McIntyre has written thousands of articles for 24/7 Wall St. He is an expert on corporate finance, the automotive industry, media companies and international finance. He has edited articles on national demographics, sports, personal income and travel.

His work has been quoted or mentioned in The New York Times, The Wall Street Journal, Los Angeles Times, The Washington Post, NBC News, Time, The New Yorker, HuffPost USA Today, Business Insider, Yahoo, AOL, MarketWatch, The Atlantic, Bloomberg, New York Post, Chicago Tribune, Forbes, The Guardian and many other major publications. McIntyre has been a guest on CNBC, the BBC and television and radio stations across the country.

A magna cum laude graduate of Harvard College, McIntyre also was president of The Harvard Advocate. Founded in 1866, the Advocate is the oldest college publication in the United States.

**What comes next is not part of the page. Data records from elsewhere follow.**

(* Fix a number $x$ (real or complex) and let $(u_n)_{n\ge0}$ satisfy $(n+\tfrac12)u_{n+1}=2xn\,u_n-(n-\tfrac12)u_{n-1}$ for all $n\ge1$. (a) If $\hat u_n=\dfrac{x u_n-u_{n-1}}{2n+1}$ for $n\ge1$, then $(n+\tfrac32)\hat u_{n+1}=2xn\,\hat u_n-(n-\tfrac32)\hat u_{n-1}$ for all $n\ge2$. (b) The same conclusion holds for $\hat u_n=\dfrac{x u_n-u_{n+1}}{2n-1}$, $n\ge0$. *)

theory Defs
  imports "HOL-Analysis.Analysis"
begin

end

theory Submission
  imports Defs
begin

text \<open>Both transforms send solutions of \<open>(n + a) u\<^sub>n\<^sub>+\<^sub>1 = 2 x n u\<^sub>n - (n - a) u\<^sub>n\<^sub>-\<^sub>1\<close>
  to solutions of the same recurrence with parameter \<open>a + 1\<close>; for \<open>a = 1/2\<close> the factor \<open>1/2\<close>
  relating \<open>2n + 1\<close> to \<open>n + a\<close> is harmless because the recurrence is linear.
  For \<open>v\<^sub>n = x u\<^sub>n - u\<^sub>n\<^sub>-\<^sub>1\<close> the recurrence at \<open>n - 1\<close> rewrites \<open>(n - 1 - a) v\<^sub>n\<^sub>-\<^sub>1\<close> as
  \<open>(n - 1 + a) (u\<^sub>n - x u\<^sub>n\<^sub>-\<^sub>1)\<close>, and with this the new recurrence for \<open>v\<^sub>n / (n + a)\<close>,
  cleared of denominators, becomes a linear combination of the old one at \<open>n - 1\<close> and \<open>n\<close>.
  The forward difference \<open>x u\<^sub>n - u\<^sub>n\<^sub>+\<^sub>1\<close>, divided by \<open>n - a\<close>, is handled symmetrically.\<close>

definition three_term_recurrence :: "'a::field \<Rightarrow> 'a \<Rightarrow> (nat \<Rightarrow> 'a) \<Rightarrow> nat \<Rightarrow> bool" where
  "three_term_recurrence a x u n \<longleftrightarrow>
     (of_nat n + a) * u (n+1) = 2 * x * of_nat n * u n - (of_nat n - a) * u (n-1)"

lemma three_term_recurrence_scale:
  assumes "three_term_recurrence a x u n"
  shows "three_term_recurrence a x (\<lambda>m. c * u m) n"
  using arg_cong[OF assms[unfolded three_term_recurrence_def], of "(*) c"]
  unfolding three_term_recurrence_def by (simp add: algebra_simps)

lemma three_term_recurrence_backward_difference:
  fixes a x :: "'a::field"
  assumes rec0: "three_term_recurrence a x u n" and rec1: "three_term_recurrence a x u (Suc n)"
    and a: "- a \<notin> \<nat>"
  shows "three_term_recurrence (a + 1) x (\<lambda>m. (x * u m - u (m - 1)) / (of_nat m + a)) (Suc n)"
proof -
  define v where "v m = x * u m - u (m - 1)" for m
  have nz: "of_nat m + a \<noteq> 0" for m
    using a by (metis add.commute add_eq_0_iff of_nat_in_Nats)
  define A B where "A = of_nat n + 1 + a" and "B = of_nat n + a"
  have AB: "A \<noteq> 0" "B \<noteq> 0"
    using nz[of n] nz[of "n+1"] by (simp_all add: A_def B_def add_ac)
  have "A * B * v (n+2) = 2 * x * (of_nat n + 1) * B * v (n+1) - A * (of_nat n - a) * v n"
    using rec0 rec1 unfolding three_term_recurrence_def v_def A_def B_def
    by (simp add: algebra_simps) algebra
  also have "\<dots> = A * B * (2 * x * (of_nat n + 1) * (v (n+1) / A) - (of_nat n - a) * (v n / B))"
    using AB by (simp add: field_simps)
  finally have "v (n+2) = 2 * x * (of_nat n + 1) * (v (n+1) / (of_nat n + 1 + a))
      - (of_nat n - a) * (v n / (of_nat n + a))"
    using AB by (simp add: A_def B_def)
  moreover have "(of_nat (Suc n) + (a + 1)) * (v (Suc n + 1) / (of_nat (Suc n + 1) + a)) = v (n+2)"
    using nz[of "n+2"] by (simp add: add_ac)
  ultimately show ?thesis
    unfolding three_term_recurrence_def v_def[symmetric] by (simp add: algebra_simps)
qed

lemma three_term_recurrence_forward_difference:
  fixes a x :: "'a::field"
  assumes rec1: "three_term_recurrence a x u (Suc n)" and rec2: "three_term_recurrence a x u (Suc (Suc n))"
    and a: "a \<notin> \<nat>"
  shows "three_term_recurrence (a + 1) x (\<lambda>m. (x * u m - u (m + 1)) / (of_nat m - a)) (Suc n)"
proof -
  define w where "w m = x * u m - u (m + 1)" for m
  have nz: "of_nat m - a \<noteq> 0" for m
    using a by (metis eq_iff_diff_eq_0 of_nat_in_Nats)
  define A B where "A = of_nat n + 2 - a" and "B = of_nat n + 1 - a"
  have AB: "A \<noteq> 0" "B \<noteq> 0"
    using nz[of "n+2"] nz[of "n+1"] by (simp_all add: A_def B_def add_ac)
  have "A * B * ((of_nat n + 2 + a) * (w (n+2) / A)) = (of_nat n + 2 + a) * B * w (n+2)"
    using AB by simp
  also have "\<dots> = 2 * x * (of_nat n + 1) * A * w (n+1) - A * B * w n"
    using rec1 rec2 unfolding three_term_recurrence_def w_def A_def B_def
    by (simp add: algebra_simps) algebra
  also have "\<dots> = A * B * (2 * x * (of_nat n + 1) * (w (n+1) / B) - w n)"
    using AB by (simp add: field_simps)
  finally have "(of_nat n + 2 + a) * (w (n+2) / (of_nat n + 2 - a))
      = 2 * x * (of_nat n + 1) * (w (n+1) / (of_nat n + 1 - a)) - w n"
    using AB by (simp add: A_def B_def)
  moreover have "(of_nat n - a) * (w n / (of_nat n - a)) = w n"
    using nz[of n] by simp
  ultimately show ?thesis
    unfolding three_term_recurrence_def w_def[symmetric] by (simp add: algebra_simps)
qed

lemma one_half_notin_Nats:
  shows "(1/2 :: 'a::field_char_0) \<notin> \<nat>" and "- (1/2 :: 'a) \<notin> \<nat>"
proof
  assume "(1/2 :: 'a) \<in> \<nat>"
  then obtain m where "of_nat m = (1/2 :: 'a)" by (auto elim: Nats_cases)
  then have "of_nat (2 * m) = (1 :: 'a)" by (simp only: of_nat_mult of_nat_numeral) simp
  then show False by (metis of_nat_eq_1_iff odd_one dvd_triv_left)
next
  show "- (1/2 :: 'a) \<notin> \<nat>"
  proof
    assume "- (1/2 :: 'a) \<in> \<nat>"
    then obtain m where "of_nat m = - (1/2 :: 'a)" by (auto elim: Nats_cases)
    then have "of_nat (2 * m + 1) = (0 :: 'a)" by simp
    then show False by (simp only: of_nat_eq_0_iff)
  qed
qed

theorem mainTheorem3:
  fixes x :: "'a :: field_char_0" and u :: "nat \<Rightarrow> 'a"
  assumes rec: "\<And>n. n \<ge> 1 \<Longrightarrow>
      (of_nat n + 1/2) * u (n+1) = 2 * x * of_nat n * u n - (of_nat n - 1/2) * u (n-1)"
  shows "(\<forall>n\<ge>2. let uh = (\<lambda>m. (x * u m - u (m-1)) / (2 * of_nat m + 1)) in
            (of_nat n + 3/2) * uh (n+1) = 2 * x * of_nat n * uh n - (of_nat n - 3/2) * uh (n-1))
       \<and> (\<forall>n\<ge>2. let uh = (\<lambda>m. (x * u m - u (m+1)) / (2 * of_nat m - 1)) in
            (of_nat n + 3/2) * uh (n+1) = 2 * x * of_nat n * uh n - (of_nat n - 3/2) * uh (n-1))"
proof -
  have rec': "three_term_recurrence (1/2) x u m" if "m \<ge> 1" for m
    using rec[OF that] by (simp add: three_term_recurrence_def)
  have halves: "(1/2 :: 'a) + 1 = 3/2"
    "c / (2 * of_nat m + 1) = 1/2 * (c / (of_nat m + 1/2))"
    "c / (2 * of_nat m - 1) = 1/2 * (c / (of_nat m - 1/2))" for c :: 'a and m :: nat
    by (simp_all add: field_simps)
  have "three_term_recurrence (3/2) x (\<lambda>m. (x * u m - u (m-1)) / (2 * of_nat m + 1)) (Suc k)
      \<and> three_term_recurrence (3/2) x (\<lambda>m. (x * u m - u (m+1)) / (2 * of_nat m - 1)) (Suc k)"
    if "k \<ge> 1" for k
    using three_term_recurrence_scale[OF three_term_recurrence_backward_difference
        [OF rec' rec' one_half_notin_Nats(2)], of k "1/2"]
      three_term_recurrence_scale[OF three_term_recurrence_forward_difference
        [OF rec' rec' one_half_notin_Nats(1)], of k "1/2"] that
    by (simp only: halves)
  from this[of "n - 1" for n] show ?thesis
    by (simp add: Let_def three_term_recurrence_def)
qed

end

TheStreet.com, Comps.com and Edgar Online are some of the public companies for which McIntyre served on the board of directors. He was a Vicinity Corporation board member when the company was sold to Microsoft in 2002. He served on the audit committees of some of these companies.

McIntyre has been the CEO of FutureSource, a provider of trading terminals and news to commodities and futures traders. He was president of Switchboard, the online phone directory company. He served as chairman and CEO of On2 Technologies, the video compression company that provided video compression software for Adobe’s Flash. Google bought On2 in 2009.